The early vote results for the 2012 proxy season show three key developments:

  1. Overall director opposition votes remain low, while exposure to targeted “vote no” campaigns increases. Director opposition votes remain low following a spike in 2009, but recent “vote no” campaigns – targeting at least 14 directors and 9 companies so far – suggest some investors are applying a more selective and targeted approach to pursuing reform on certain boards.
  2. Proactive companies secure high support on SOP proposals. In the second year of mandatory SOP, overall support levels remain strong, averaging 91.0% compared with 91.5% in 2011, and fewer SOP proposals have received less than 50% support compared to the same period last year. Companies are securing high support for their pay programs by proactively engaging with shareholders, enacting pay reforms and improving messaging in the proxy statement.
  3. Shareholders continue to press for greater accountability measures at the board level. Many prominent 2012 shareholder proposals focus on board matters and hot-button environmental and social topics, reflecting investors’ long-standing efforts to improve board responsiveness and accountability. Environmental and social topics represent the largest category of shareholder proposals for the third consecutive year, with the category of corporate political spending and lobbying activity expected to include the largest number of shareholder proposals this year.

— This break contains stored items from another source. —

(* Let $f\colon\underline I=I_1\times\cdots\times I_n\to\mathbb R$ be a convex and separately increasing function ($I_i$ intervals), and let $H$ be a finite-dimensional Hilbert space. Let $\underline x=(x_1,\dots,x_n)$ and $\underline y=(y_1,\dots,y_n)$ be abelian $n$-tuples of self-adjoint operators on $H$ with $\sigma(x_i),\sigma(y_i)\subseteq I_i$ for all $i$. If $x_i\le y_i$ for $i=1,\dots,n$, then $f(\underline x)\prec_w f(\underline y)$.
   Context: Separately increasing means increasing in each variable when the others are held fixed. An $n$-tuple is abelian if its entries commute; $f$ of an abelian tuple of self-adjoint operators is defined by joint functional calculus. For a self-adjoint operator $x$ on an $m$-dimensional Hilbert space, $x_{[1]}\ge\cdots\ge x_{[m]}$ are its eigenvalues counted with multiplicity in decreasing order, and $x\prec_w y$ means $\sum_{i=1}^k x_{[i]}\le\sum_{i=1}^k y_{[i]}$ for $k=1,\dots,m$. *)

theory Defs
  imports "HOL-Analysis.Analysis" "Jordan_Normal_Form.Schur_Decomposition"
    "Jordan_Normal_Form.Spectral_Radius"
begin

text \<open>Operators on an m-dimensional complex Hilbert space are represented as m x m
complex matrices (H = C^m with its standard inner product).\<close>

definition self_adjoint :: "nat \<Rightarrow> complex mat \<Rightarrow> bool" where
  "self_adjoint m A \<longleftrightarrow> A \<in> carrier_mat m m \<and> mat_adjoint A = A"

definition unitary_mat :: "nat \<Rightarrow> complex mat \<Rightarrow> bool" where
  "unitary_mat m U \<longleftrightarrow> U \<in> carrier_mat m m \<and> U * mat_adjoint U = 1\<^sub>m m
      \<and> mat_adjoint U * U = 1\<^sub>m m"

definition loewner_le :: "nat \<Rightarrow> complex mat \<Rightarrow> complex mat \<Rightarrow> bool" where
  "loewner_le m A B \<longleftrightarrow>
     (\<forall>v \<in> carrier_vec m. Re (conjugate v \<bullet> ((B - A) *\<^sub>v v)) \<ge> 0)"

definition abelian_tuple :: "('n \<Rightarrow> complex mat) \<Rightarrow> bool" where
  "abelian_tuple x \<longleftrightarrow> (\<forall>i j. x i * x j = x j * x i)"

definition real_diag_mat :: "nat \<Rightarrow> (nat \<Rightarrow> real) \<Rightarrow> complex mat" where
  "real_diag_mat m d = mat m m (\<lambda>(r, c). if r = c then complex_of_real (d r) else 0)"

text \<open>Joint functional calculus: if U simultaneously diagonalises the abelian tuple x,
  x_i = U diag(\<Lambda>_1 $ i, ..., \<Lambda>_m $ i) U^*, then
  f(x) = U diag(f(\<Lambda>_1), ..., f(\<Lambda>_m)) U^*.\<close>
definition joint_fc_rel :: "nat \<Rightarrow> (real ^ 'n \<Rightarrow> real) \<Rightarrow> ('n \<Rightarrow> complex mat) \<Rightarrow> complex mat \<Rightarrow> bool" where
  "joint_fc_rel m f x z \<longleftrightarrow>
     (\<exists>U (\<Lambda> :: nat \<Rightarrow> real ^ 'n). unitary_mat m U \<and>
        (\<forall>i. x i = U * real_diag_mat m (\<lambda>k. \<Lambda> k $ i) * mat_adjoint U) \<and>
        z = U * real_diag_mat m (\<lambda>k. f (\<Lambda> k)) * mat_adjoint U)"

definition joint_fc :: "nat \<Rightarrow> (real ^ 'n \<Rightarrow> real) \<Rightarrow> ('n \<Rightarrow> complex mat) \<Rightarrow> complex mat" where
  "joint_fc m f x = (THE z. joint_fc_rel m f x z)"

definition eigs_desc :: "complex mat \<Rightarrow> real list" where
  "eigs_desc A = rev (sorted_list_of_multiset (image_mset Re (proots (char_poly A))))"

definition weak_majorized :: "nat \<Rightarrow> complex mat \<Rightarrow> complex mat \<Rightarrow> bool" where
  "weak_majorized m A B \<longleftrightarrow>
     (\<forall>k \<in> {1..m}. (\<Sum>i<k. eigs_desc A ! i) \<le> (\<Sum>i<k. eigs_desc B ! i))"

definition sep_increasing_on :: "(real ^ 'n) set \<Rightarrow> (real ^ 'n \<Rightarrow> real) \<Rightarrow> bool" where
  "sep_increasing_on D f \<longleftrightarrow>
     (\<forall>v \<in> D. \<forall>w \<in> D. \<forall>i. (\<forall>j. j \<noteq> i \<longrightarrow> v $ j = w $ j) \<and> v $ i \<le> w $ i \<longrightarrow> f v \<le> f w)"

end

theory Submission
  imports Defs
begin

text \<open>Diagonalise both tuples simultaneously, \<open>x\<^sub>i = U diag(\<lambda>\<^sub>k\<^sub>i) U\<^sup>*\<close> and
  \<open>y\<^sub>i = V diag(\<gamma>\<^sub>l\<^sub>i) V\<^sup>*\<close>, and let \<open>P\<^sub>l\<^sub>k = |(V\<^sup>*U)\<^sub>l\<^sub>k|\<^sup>2\<close>, a doubly stochastic matrix.
  Testing \<open>x\<^sub>i \<le> y\<^sub>i\<close> on the \<open>k\<close>-th column of \<open>U\<close> gives \<open>\<lambda>\<^sub>k \<le> \<Sum>\<^sub>l P\<^sub>l\<^sub>k \<gamma>\<^sub>l\<close>
  componentwise, so monotonicity and then convexity of \<open>f\<close> give
  \<open>f(\<lambda>\<^sub>k) \<le> \<Sum>\<^sub>l P\<^sub>l\<^sub>k f(\<gamma>\<^sub>l)\<close>. Summed over any \<open>K\<close> indices \<open>k\<close>, the right-hand sides give
  \<open>\<Sum>\<^sub>l w\<^sub>l f(\<gamma>\<^sub>l)\<close> with \<open>0 \<le> w\<^sub>l \<le> 1\<close> and \<open>\<Sum>\<^sub>l w\<^sub>l = K\<close>, which is at most the sum of
  the \<open>K\<close> largest eigenvalues \<open>f(\<gamma>\<^sub>l)\<close> of \<open>f(y)\<close>.

  The simultaneous diagonalisation is built from common eigenvectors: a commuting family has
  one in every nonzero invariant subspace, obtained from a linear dependence among Krylov vectors
  \<open>A\<^sup>j v\<close> and a root of the corresponding polynomial.\<close>

section \<open>Matrix entries, adjoints and unitary matrices\<close>

lemma index_mult_mat_sum:
  assumes "A \<in> carrier_mat n k" "B \<in> carrier_mat k m" "i < n" "j < m"
  shows "(A * B) $$ (i,j) = (\<Sum>c<k. A $$ (i,c) * B $$ (c,j))"
  using assms by (auto simp: scalar_prod_def atLeast0LessThan intro!: sum.cong)

lemma index_mult_mat_vec_sum:
  assumes "A \<in> carrier_mat n k" "v \<in> carrier_vec k" "i < n"
  shows "(A *\<^sub>v v) $ i = (\<Sum>c<k. A $$ (i,c) * v $ c)"
  using assms by (auto simp: scalar_prod_def atLeast0LessThan intro!: sum.cong)

lemma mat_adjoint_dim [simp]:
  "dim_row (mat_adjoint A) = dim_col A" "dim_col (mat_adjoint A) = dim_row A"
  by (auto simp: mat_adjoint_def)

”Boards increasingly are being evaluated and held accountable for their level of responsiveness to investors. Results to date show that constructive, ongoing dialogue around key topics of interest can help secure investor support,” said Allie Rutherford, Associate Director of the Corporate Governance Group at Ernst & Young LLP. “As always, boards must balance their response with governance practices that are appropriate for their company’s specific circumstances.”